Even though the algorithm works better when N is a perfect square, it doesn't mean that in the opposite case it performs poorly. We can see some very little differences in the following test case :

it should "perform well for perfect square N" in { val partitionsNumber = 9 val partitionedEdges = (1 to 100).flatMap(sourceId => { if (sourceId % 2 == 0) { (0 to 10).map(_ => EdgePartition2D.getPartition(sourceId, 300+sourceId, partitionsNumber)) } else { Seq(EdgePartition2D.getPartition(sourceId, 200+sourceId, partitionsNumber)) } }) val partitioningResult = partitionedEdges.groupBy(nr => nr).mapValues(edges => edges.size) partitioningResult should have size 6 partitioningResult(0) shouldEqual 176 partitioningResult(2) shouldEqual 17 partitioningResult(3) shouldEqual 17 partitioningResult(4) shouldEqual 187 partitioningResult(8) shouldEqual 187 } it should "perform a little bit worse for not perfect square N" in { val partitionsNumber = 8 val partitionedEdges = (1 to 100).flatMap(sourceId => { if (sourceId % 2 == 0) { (0 to 10).map(_ => EdgePartition2D.getPartition(sourceId, 300+sourceId, partitionsNumber)) } else { Seq(EdgePartition2D.getPartition(sourceId, 200+sourceId, partitionsNumber)) } }) val partitioningResult = partitionedEdges.groupBy(nr => nr).mapValues(edges => edges.size) partitioningResult should have size partitionsNumber partitioningResult(0) shouldEqual 92 partitioningResult(1) shouldEqual 92 partitioningResult(2) shouldEqual 103 partitioningResult(3) shouldEqual 53 partitioningResult(4) shouldEqual 63 partitioningResult(5) shouldEqual 52 partitioningResult(6) shouldEqual 132 partitioningResult(7) shouldEqual 13 }

The 2 dimensions edge partitioning strategy also guarantees that one vertex is replicated in at most 2 * √N machines:

it should "guarantee each vertex on only 2 partitions" in { val partitionsNumber = 4 val partitionedEdges = (1 to 100).flatMap(sourceId => { if (sourceId % 2 == 0) { (0 to 10).flatMap(_ => { val destinationId = 300+sourceId val partition = EdgePartition2D.getPartition(sourceId, destinationId, partitionsNumber) Seq((sourceId, partition), (destinationId, partition)) }) } else { val destinationId = 200+sourceId val partition = EdgePartition2D.getPartition(sourceId, destinationId, partitionsNumber) Seq((sourceId, partition), (destinationId, partition)) } }) val verticesOnPartitions = partitionedEdges.groupBy(vertexWithPartition => vertexWithPartition._1) .mapValues(vertexWithPartitions => vertexWithPartitions.map(vertexIdPartitionId => vertexIdPartitionId._2).distinct.size) val verticesWith1Partition = verticesOnPartitions.filter(vertexIdPartitions => vertexIdPartitions._2 == 1).size val verticesWith2Partitions = verticesOnPartitions.filter(vertexIdPartitions => vertexIdPartitions._2 == 2).size verticesOnPartitions.size shouldEqual (verticesWith1Partition + verticesWith2Partitions) }

The guarantee about at most 2 * √N partitions containing a vertex is interesting from the shuffle point of view. As you already know, for triplets operation GraphX moves the vertices to the edge partitions. And since we've a relatively small number (compared to other strategies) of partitions with particular vertex, the network communication is smaller.

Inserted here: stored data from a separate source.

lemma bigo_at_mono:
  assumes "bigo_at x0 k f" "j \<le> k"
  shows "bigo_at x0 j f"
proof -
  obtain C where "C \<ge> 0" and f: "\<forall>\<^sub>F x in nhds x0. norm (f x) \<le> C * norm (x - x0) ^ k"
    using assms(1) by (rule bigo_atE)
  from f eventually_nhds_norm_less[OF zero_less_one]
  have "\<forall>\<^sub>F x in nhds x0. norm (f x) \<le> C * norm (x - x0) ^ j"
  proof eventually_elim
    case (elim x)
    have "norm (x - x0) ^ k \<le> norm (x - x0) ^ j"
      using elim(2) assms(2) by (intro power_decreasing) simp_all
    then show ?case using elim(1) \<open>C \<ge> 0\<close> by (meson mult_left_mono order_trans)
  qed
  then show ?thesis by (rule bigo_atI)
qed

lemma bigo_at_imp_eventually_small:
  assumes "bigo_at x0 k f" "k > 0" "e > 0"
  shows "\<forall>\<^sub>F x in nhds x0. norm (f x) \<le> e"
proof -
  have "bigo_at x0 1 f" using assms(1) by (rule bigo_at_mono) (use assms(2) in simp)
  then obtain C where "C \<ge> 0" and f: "\<forall>\<^sub>F x in nhds x0. norm (f x) \<le> C * norm (x - x0) ^ 1"
    by (rule bigo_atE)
  have "e / (C + 1) > 0" using \<open>C \<ge> 0\<close> \<open>e > 0\<close> by simp
  from f eventually_nhds_norm_less[OF this] show ?thesis
  proof eventually_elim
    case (elim x)
    have "norm (f x) \<le> (C + 1) * norm (x - x0)"
      using elim(1) by (simp add: distrib_right add_increasing2)
    also have "\<dots> \<le> (C + 1) * (e / (C + 1))"
      using elim(2) \<open>C \<ge> 0\<close> by (intro mult_left_mono) auto
    also have "\<dots> = e"
      using \<open>C \<ge> 0\<close> by (simp only: times_divide_eq_right, intro nonzero_mult_div_cancel_left) linarith
    finally show ?case .
  qed
qed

Moreover, according to the benchmarks done by Facebook or Zhuoyue Zhao et., 2 dimensions edge partitioning strategy is the most efficient strategy by far for graphs at scale processed with Apache Spark GraphX.

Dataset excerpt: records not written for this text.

lemma chi2_mu_Suc_le:
  assumes rd: "r \<le> d" and i: "i \<in> A" and j: "j \<in> A"
    and C: "\<And>a b. a \<in> A \<Longrightarrow> b \<in> A \<Longrightarrow> chi2 (RC t) (m t a) (m t b) \<le> C"
  shows "1 + chi2 (RC (Suc t)) (m (Suc t) i) (m (Suc t) j) \<le> (1 + trans_chi2)^r * (1 + 4 * \<theta>^2 * C)^(d - r)"
proof -
  have "1 + chi2 (RC (Suc t)) (m (Suc t) i) (m (Suc t) j)
      \<le> (\<Prod>c<d. if c < r then 1 + trans_chi2 else 1 + 4 * \<theta>^2 * C)"
    unfolding chi2_mu_Suc[OF i j]
  proof (intro prod_mono conjI)
    fix c
    show "0 \<le> 1 + chi2 (SC t c) (F t c i) (F t c j)"
      using i j
      by (intro add_nonneg_nonneg zero_le_one chi2_nonneg child_mu_pos[OF mu_pos]
          sum_child_mu[OF sum_mu]) auto
    show "1 + chi2 (SC t c) (F t c i) (F t c j) \<le> (if c < r then 1 + trans_chi2 else 1 + 4 * \<theta>^2 * C)"
      using chi2_child_revealed[OF _ i j] chi2_trans_prob_le[OF i j] chi2_child_hidden_le[OF _ i j C]
      by auto
  qed
  also have "\<dots> = (1 + trans_chi2)^r * (1 + 4 * \<theta>^2 * C)^(d - r)"
    by (rule prod_lessThan_if_less[OF rd])
  finally show ?thesis .
qed

lemma chi2_mu_le:
  assumes rd: "r \<le> d" and D: "1 - 4 * real (d - r) * \<theta>^2 = D" "0 < D"
    and revealed: "2 * real r * ln (1 + trans_chi2) < D^2"
    and i: "i \<in> A" and j: "j \<in> A"
  shows "chi2 (RC t) (m t i) (m t j) \<le> 2 * real r * ln (1 + trans_chi2) / D"
  using i j
proof (induction t arbitrary: i j)
  case 0
  then show ?case using trans_chi2_nonneg D by (simp add: rev_configs_0 chi2_def mu_0)
next
  case (Suc t)
  define B where "B = 2 * real r * ln (1 + trans_chi2) / D"
  have B: "0 \<le> B" "B \<le> D"
    using D revealed trans_chi2_nonneg by (simp_all add: B_def divide_le_eq power2_eq_square)
  have "1 + chi2 (RC (Suc t)) (m (Suc t) i) (m (Suc t) j) \<le> (1 + trans_chi2)^r * (1 + 4 * \<theta>^2 * B)^(d - r)"
    using Suc by (intro chi2_mu_Suc_le[OF rd]) (auto simp: B_def)
  also have "\<dots> \<le> 1 + B"
    using D by (intro power_mult_power_le_fixed_point[OF trans_chi2_nonneg B]) (auto simp: B_def)
  finally show ?case by (simp add: B_def)
qed

lemma chi2_nonneg_mu: "i \<in> A \<Longrightarrow> j \<in> A \<Longrightarrow> 0 \<le> chi2 (RC t) (m t i) (m t j)"
  by (intro chi2_nonneg mu_pos sum_mu)

lemma max_ln_chi2_mu_le:
  assumes "\<And>i j. i \<in> A \<Longrightarrow> j \<in> A \<Longrightarrow> chi2 (RC t) (m t i) (m t j) \<le> B"
  shows "Max ((\<lambda>(i, j). ln (1 + chi2 (RC t) (m t i) (m t j))) ` (A \<times> A)) \<le> B"
proof (intro Max.boundedI)
  fix y assume "y \<in> (\<lambda>(i, j). ln (1 + chi2 (RC t) (m t i) (m t j))) ` (A \<times> A)"
  then obtain i j where ij: "i \<in> A" "j \<in> A" and y: "y = ln (1 + chi2 (RC t) (m t i) (m t j))"
    by auto
  show "y \<le> B"
    unfolding y using chi2_nonneg_mu[OF ij] assms[OF ij]
    by (meson ln_add_one_self_le_self order_trans)
qed (use k_pos in auto)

This post described edge partitioning strategies available in Apache Spark GraphX. As we could see, the framework provides different modulo-based strategies. Some of them use only the source vertex id and hence expose the risk of unbalanced partitions for graphs suffering of Power Law. The others use edge vertices to figure out the partition. Their results are much better but still don't guarantee good processing performances. Fortunately, the 2 dimensions edge partitioning strategy offers much better performance. Aside from pretty good data processing times, it also guarantees that each vertex will be stored in at most 2 * √N partitions, reducing by that the amount of shuffled data in the case of triplets operation.